I've been reading through quite a few articles on the 'this' keyword when using JavaScript objects and I'm still somewhat confused. I'm quite happy writing object orientated Javascript and I get around the 'this' issue by referring the full object path but I don't like the fact I still find 'this' confusing.
I found a good answer here which helped me but I'm still not 100% sure. So, onto the example. The following script is linked from test.html with <script src="js/test.js"></script>
if (!nick) {
var nick = {};
}
nick.name= function(){
var helloA = 'Hello A';
console.log('1.',this, this.helloA);
var init = function(){
var helloB = 'Hello B';
console.log('2.',this, this.helloB);
}
return {
init: init
}
}();
nick.name.init();
What kind of expected to see was
1. Object {} nick.name, 'Hello A'
2. Object {} init, 'Hello B'
But what I get is this?
1. Window test.html, undefined
2. Object {} init, undefined
I think I understand some of what's happening there but I would mind if someone out there explains it to me.

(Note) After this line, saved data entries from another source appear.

(* Let $\mathsf{Y}$ be a finite set, $s:\mathsf{Y}\to\mathbb{R}$, $\mathcal{S}=\sup_{x}|s(x)|$, $q_\theta(x)=\exp(\theta s(x))$, $Z(\theta)=\sum_xq_\theta(x)$, $f(x|\theta)=q_\theta(x)/Z(\theta)$ for $\theta\in\Theta=\mathbb{R}$. Fix observed $y\in\mathsf{Y}$ and the Gaussian prior $\theta\sim\mathcal{N}(0,\sigma_0^2)$, and let $\pi(\theta|y)\propto\pi(\theta)f(y|\theta)$. Let $\Sigma>0$ and let $P_\Sigma$ be the discretized Langevin kernel $\theta'=\theta+\frac\Sigma2\nabla\log\pi(\theta|y)+\eta$, $\eta\sim\mathcal{N}(0,\Sigma)$, where $\nabla\log\pi(\theta|y)=-\theta/\sigma_0^2+s(y)-\mathbb{E}_{x\sim f(\cdot|\theta)}[s(x)]$. For $N\ge1$ let $\hat P_{\Sigma,N}$ be the noisy kernel: draw $y'_1,\dots,y'_N$ i.i.d. from $f(\cdot|\theta)$ and set $\theta'=\theta+\frac\Sigma2\big(-\theta/\sigma_0^2+s(y)-\frac1N\sum_{i=1}^Ns(y'_i)\big)+\eta$, $\eta\sim\mathcal{N}(0,\Sigma)$. If $\Sigma<\sigma_0^2$, then the chain with kernel $P_\Sigma$ is geometrically ergodic with some limiting distribution $\pi_\Sigma$; moreover, for all $N$ large enough the chain with kernel $\hat P_{\Sigma,N}$ is geometrically ergodic with some limiting distribution $\pi_{\Sigma,N}$, and $\|\pi_\Sigma-\pi_{\Sigma,N}\|\to0$ as $N\to\infty$.
   Context: $\|\mu-\nu\|=\sup_A|\mu(A)-\nu(A)|$ is the total variation distance. $f(\cdot|\theta)$ is a one-parameter Gibbs random field. A chain is geometrically ergodic if it has an invariant distribution to which the $n$-step laws converge in total variation at a geometric rate (possibly depending on the starting point). *)

theory Defs
  imports "HOL-Probability.Probability"
begin

primrec kernel_iter :: "(real \<Rightarrow> real measure) \<Rightarrow> nat \<Rightarrow> real \<Rightarrow> real measure" where
  "kernel_iter K 0 x = return borel x"
| "kernel_iter K (Suc n) x = bind (kernel_iter K n x) K"
theorem mainTheorem7:
  fixes V :: "'a set" and E :: "'a \<Rightarrow> 'a \<Rightarrow> bool"
  assumes "semigeneric V E"
  shows "(\<forall>a\<in>V. \<forall>us. set us \<subseteq> V - column V E a \<longrightarrow>
            infinite {b \<in> column V E a. \<forall>u\<in>set us. E a u \<longleftrightarrow> E b u})
       \<and> (\<forall>F c. finite F \<and> F \<subseteq> V \<and> c \<in> V \<and> column V E c \<inter> F = {} \<longrightarrow>
            (\<forall>x\<in>column V E c.
               infinite {g x | g. is_aut V E g \<and> (\<forall>y\<in>F. g y = y) \<and>
                                  g ` column V E c = column V E c}))"
proof (intro conjI allI ballI impI)
  show "infinite {b \<in> column V E a. \<forall>u\<in>set us. E a u \<longleftrightarrow> E b u}"
    if "a \<in> V" "set us \<subseteq> V - column V E a" for a us
    using infinite_agreeing_in_column[OF assms] that by blast
  fix F c x
  assume F: "finite F \<and> F \<subseteq> V \<and> c \<in> V \<and> column V E c \<inter> F = {}"
    and x: "x \<in> column V E c"
  have "x \<in> V"
    using x by (simp add: column_def)
  moreover have "column V E x = column V E c"
    using F column_eq[OF assms _ x] by blast
  ultimately show "infinite {g x | g. is_aut V E g \<and> (\<forall>y\<in>F. g y = y) \<and>
                                      g ` column V E c = column V E c}"
    using infinite_orbit_column_stabiliser[OF assms, of F x] F by simp
qed

end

Also, I'm not entirely sure why the first 'console.log' is being called at all? If I remove the call to the init function //nick.name.init() firebug still outputs 1. Window test.html, undefined. Why is that? Why does nick.name() get called by the window object when the html page loads?
Many thanks
Also, I'm not entirely sure why the first 'console.log' is being called at all?
nick.name = function(){
// ...
}();
Here you define a function, call it immediately (hence ()) and assign its return value ({init: init}) to nick.name
So the execution is:
Create a variable called nick if there isn't one with a non-falsey value already
Create an anonymous function that…
Creates a variable called helloA in its own scope
Outputs data using console.log containing "1" (as is), this (the window because the function is executing in the global context instead of as a method), and this.helloA (window.helloA, which doesn't exist.
Defines a function called init
Returns an object which gets assigned to nick.name
Then you call nick.name.init() which executes the init function in the context of name.
This defines helloB
Then it console.logs with "2" (as is), this (name), and this.helloB (nick.name.helloB - which doesn't exist)
So the first output you get is from console.log('1.',this, this.helloA);
I think your main problem is that you are confusing this.foo (properties on the object on which a method is being called) with variable scope (variables available to a function)
It's much simpler if you think about this as a function, not as a variable. Essentially, this is a function which returns current "execution context", that is, the object the current function was "applied" to. For example, consider the following
function t() { console.log(this)}
this will return very different results depending upon how you call it
t() // print window
bar = { func: t }
bar.func() // print bar
foo = { x: 123 }
t.apply(foo) // print foo
this is defined on a per-function basis when the function call is made. When you call a function as o.f(), this will be o within the function, and when you call it as f(), this will be the global object (for browsers, this is the window).
You wrote nick.name = function(){...}(); and the right-hand part is of the form f(), hence the Window.
var foo = bar; defines a local variable. It may not be accessed as this.foo (well, except when you're at global scope, but that's silly). To define a member, you usually write this.foo = bar; instead.
This is what your code does:
It creates an object and assigns to the variable nick.
It creates an anonymous function.
It calls the function (in the window scope).
It assigns the return value (an object containing the init property) to the name property of the object.
It gets the value from the init property, which is a method delegate, and calls the method.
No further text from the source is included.